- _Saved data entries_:

--- START ---

lemma limit_points_stationary:
  assumes a0: "a \<noteq> 0" and x: "a \<bullet> x = b"
    and M2: "(\<lambda>k. M2 f g hc blk a N L (random_iter sampled_step x \<omega> k)) \<longlonglongrightarrow> 0"
    and r: "strict_mono r" and lim: "(random_iter sampled_step x \<omega> \<circ> r) \<longlonglongrightarrow> xs"
  shows "stationary g (sep_fun hc) a b xs"
proof -
  obtain K where K: "\<forall>y. norm (dN y) \<le> K * M2 f g hc blk a N L y" using norm_dN_le_M2 by blast
  have lim0: "(\<lambda>k. K * M2 f g hc blk a N L ((random_iter sampled_step x \<omega> \<circ> r) k)) \<longlonglongrightarrow> 0"
    using tendsto_mult_right_zero[OF LIMSEQ_subseq_LIMSEQ[OF M2 r]] by (simp add: comp_def)
  have bound: "\<forall>k. norm (dN ((random_iter sampled_step x \<omega> \<circ> r) k))
      \<le> K * M2 f g hc blk a N L ((random_iter sampled_step x \<omega> \<circ> r) k)"
    using K by blast
  have "(\<lambda>k. dN ((random_iter sampled_step x \<omega> \<circ> r) k)) \<longlonglongrightarrow> 0"
    by (rule Lim_null_comparison[OF always_eventually[OF bound] lim0])
  then show ?thesis using stationary_of_limit[OF a0 lim] inner_random_iter x by simp
qed

end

--- END ---

Your reply should contain each entry, copied without alteration.

lemma limit_points_stationary:
  assumes a0: "a \<noteq> 0" and x: "a \<bullet> x = b"
    and M2: "(\<lambda>k. M2 f g hc blk a N L (random_iter sampled_step x \<omega> k)) \<longlonglongrightarrow> 0"
    and r: "strict_mono r" and lim: "(random_iter sampled_step x \<omega> \<circ> r) \<longlonglongrightarrow> xs"
  shows "stationary g (sep_fun hc) a b xs"
proof -
  obtain K where K: "\<forall>y. norm (dN y) \<le> K * M2 f g hc blk a N L y" using norm_dN_le_M2 by blast
  have lim0: "(\<lambda>k. K * M2 f g hc blk a N L ((random_iter sampled_step x \<omega> \<circ> r) k)) \<longlonglongrightarrow> 0"
    using tendsto_mult_right_zero[OF LIMSEQ_subseq_LIMSEQ[OF M2 r]] by (simp add: comp_def)
  have bound: "\<forall>k. norm (dN ((random_iter sampled_step x \<omega> \<circ> r) k))
      \<le> K * M2 f g hc blk a N L ((random_iter sampled_step x \<omega> \<circ> r) k)"
    using K by blast
  have "(\<lambda>k. dN ((random_iter sampled_step x \<omega> \<circ> r) k)) \<longlonglongrightarrow> 0"
    by (rule Lim_null_comparison[OF always_eventually[OF bound] lim0])
  then show ?thesis using stationary_of_limit[OF a0 lim] inner_random_iter x by simp
qed

end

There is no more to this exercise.